Caitlin Weierhauser hates being the bearer of bad news. She does have a knack for it, though.

Often, it's been part of her job description. When she lived in Las Vegas in her early 20s, she worked at a loan office, requiring her to gently quash other people's dreams on a near-daily basis. After that, she managed the front desk at the Flamingo Hotel, where she dealt with a constant deluge of tiny traumas—like the time she had to inform a guest he couldn't get a new room just because his partner had an "accident" on the floor of his current one, or when she denied another patron's request for a fresh pair of pants after messing his own. (Apparently, what really happens in Vegas is mostly irritable bowel syndrome.)

She does comedy now. But that doesn't mean Weierhauser, 34, has retired as a semiprofessional messenger of disappointment. As a self-described "tantrum-prone queer" who says her favorite hobby is "rage," her objective as a comic is to poke holes in straight-white-male privilege, and doing so means forcing audiences to confront the sort of shitty things that can't be wiped away with bleach and Febreze.
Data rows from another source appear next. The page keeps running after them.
(* Let $G$ be a graph on $n$ vertices, $t\ge 1$ an integer, and let $G'$, $\alpha$ be as in the construction below; let $k=n+t+1$, $\ell=2t+2t^2$, and let $\beta$ be defined by $\beta(v)=\alpha(v)$ for $v\in V_G\cup V_C$ and $\beta(b^i_j)=n+j$ for $i,j\in\{1,\ldots,t\}$. If $G$ has an independent set of size at least $t-1$, then $\mathcal{C}_k(G')$ contains a path from $\alpha$ to $\beta$ of length at most $\ell$.
   Context: Construction: with $V(G)=\{v_1,\ldots,v_n\}$, $V(G')=V_G\cup V_B\cup V_C$, where $V_G=\{g_1,\ldots,g_n\}$ induces a copy of $G$ ($g_ig_j$ an edge iff $v_iv_j\in E(G)$); $V_B=\{b^i_j\mid i,j\in\{1,\ldots,t\}\}$ with $b^i_jb^{i'}_{j'}$ an edge iff $i\ne i'$ and $j\ne j'$; all edges between $V_G$ and $V_B$ are present; $V_C=C_1\cup\cdots\cup C_{n+t+1}$ with the $C_i$ pairwise disjoint independent sets of size $2t+2t^2$ and no edges among vertices of $V_C$; each $g_i$ is adjacent to all of $V_C\setminus(C_i\cup C_{n+t+1})$; each vertex of $V_B$ is adjacent to all of $C_{n+t+1}$; no other edges. $\alpha(g_i)=i$, $\alpha(c)=i$ for $c\in C_i$, $\alpha(b^i_j)=n+i$. A $k$-coloring is a map $V\to\{1,\ldots,k\}$ with adjacent vertices colored differently; $\mathcal{C}_k(G')$ is the graph on the $k$-colorings of $G'$, two adjacent iff they differ on exactly one vertex. *)

theory Defs
  imports Main
begin

text \<open>Vertices of G': Gv i = g_i, Bv i j = b^i_j, Cv c m = the m-th vertex of C_c (m < 2t+2t^2).\<close>
datatype vert = Gv nat | Bv nat nat | Cv nat nat

definition simple_graph_on :: "nat \<Rightarrow> (nat \<Rightarrow> nat \<Rightarrow> bool) \<Rightarrow> bool" where
  "simple_graph_on n E \<longleftrightarrow>
     (\<forall>i\<in>{1..n}. \<forall>j\<in>{1..n}. E i j \<longleftrightarrow> E j i) \<and> (\<forall>i\<in>{1..n}. \<not> E i i)"

definition independent_set :: "nat \<Rightarrow> (nat \<Rightarrow> nat \<Rightarrow> bool) \<Rightarrow> nat set \<Rightarrow> bool" where
  "independent_set n E S \<longleftrightarrow> S \<subseteq> {1..n} \<and> (\<forall>i\<in>S. \<forall>j\<in>S. \<not> E i j)"

definition Gp_verts :: "nat \<Rightarrow> nat \<Rightarrow> vert set" where
  "Gp_verts n t =
     {Gv i | i. i \<in> {1..n}} \<union>
     {Bv i j | i j. i \<in> {1..t} \<and> j \<in> {1..t}} \<union>
     {Cv c m | c m. c \<in> {1..n+t+1} \<and> m < 2*t + 2*t^2}"

fun Gp_edge0 :: "nat \<Rightarrow> nat \<Rightarrow> (nat \<Rightarrow> nat \<Rightarrow> bool) \<Rightarrow> vert \<Rightarrow> vert \<Rightarrow> bool" where
  "Gp_edge0 n t E (Gv i) (Gv j) = E i j"
| "Gp_edge0 n t E (Bv i j) (Bv i' j') = (i \<noteq> i' \<and> j \<noteq> j')"
| "Gp_edge0 n t E (Gv i) (Bv _ _) = True"
| "Gp_edge0 n t E (Gv i) (Cv c _) = (c \<noteq> i \<and> c \<noteq> n+t+1)"
| "Gp_edge0 n t E (Bv _ _) (Cv c _) = (c = n+t+1)"
| "Gp_edge0 n t E _ _ = False"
Instead of giving in to her angrier impulses, Weierhauser prefers to smash the patriarchy with a dimpled smile and frequent giggles.

"You have to soften the blow a little bit," she says. "You make sure they know we're all on the same side, but insist that, 'This is how it is.' We're not gonna buy you new pants just because you pooped yours."

(Christine Dong)
(Christine Dong)

Wrapping harsh truths in soft covers isn't just how Weierhauser has made a living. If she knows how to dampen a tough blow, it's because she's had to absorb plenty herself.

When she was 6 years old, her mother died in a car accident, leaving her and her two siblings to be raised by a single father who thought it'd be a good idea to adopt three wolf pups as pets. (Living in rural Oregon, he figured they'd keep his children from being murdered by bobcats. Also, they were cheaper than a nanny.)

Humor helped her maintain. Specifically, she developed a healthy appetite for pranking, an affinity she shared with her older brother; her proudest moment is when she hid snap firecrackers under the toilet seat that detonated when he sat down.

"As family members continued to pass, we centered on the importance of comedy in our family and being able to comfort each other that way," she says. "That's how we communicate for the most part—through very loving shit talk."

In high school, Weierhauser got involved in music and theater, but crippling shyness kept her from pursuing performance as a career. Later, after she left Las Vegas for Portland and then, briefly, San Francisco, she became obsessed with attending comedy shows. It took another tragedy to finally push her onto the stage.

In 2012, her younger sister committed suicide, plunging her into a paralyzing depression that took her months to climb out of. Her therapist picked up on her tendency to use humor as a coping mechanism and suggested she give standup a try, an idea that initially mortified her.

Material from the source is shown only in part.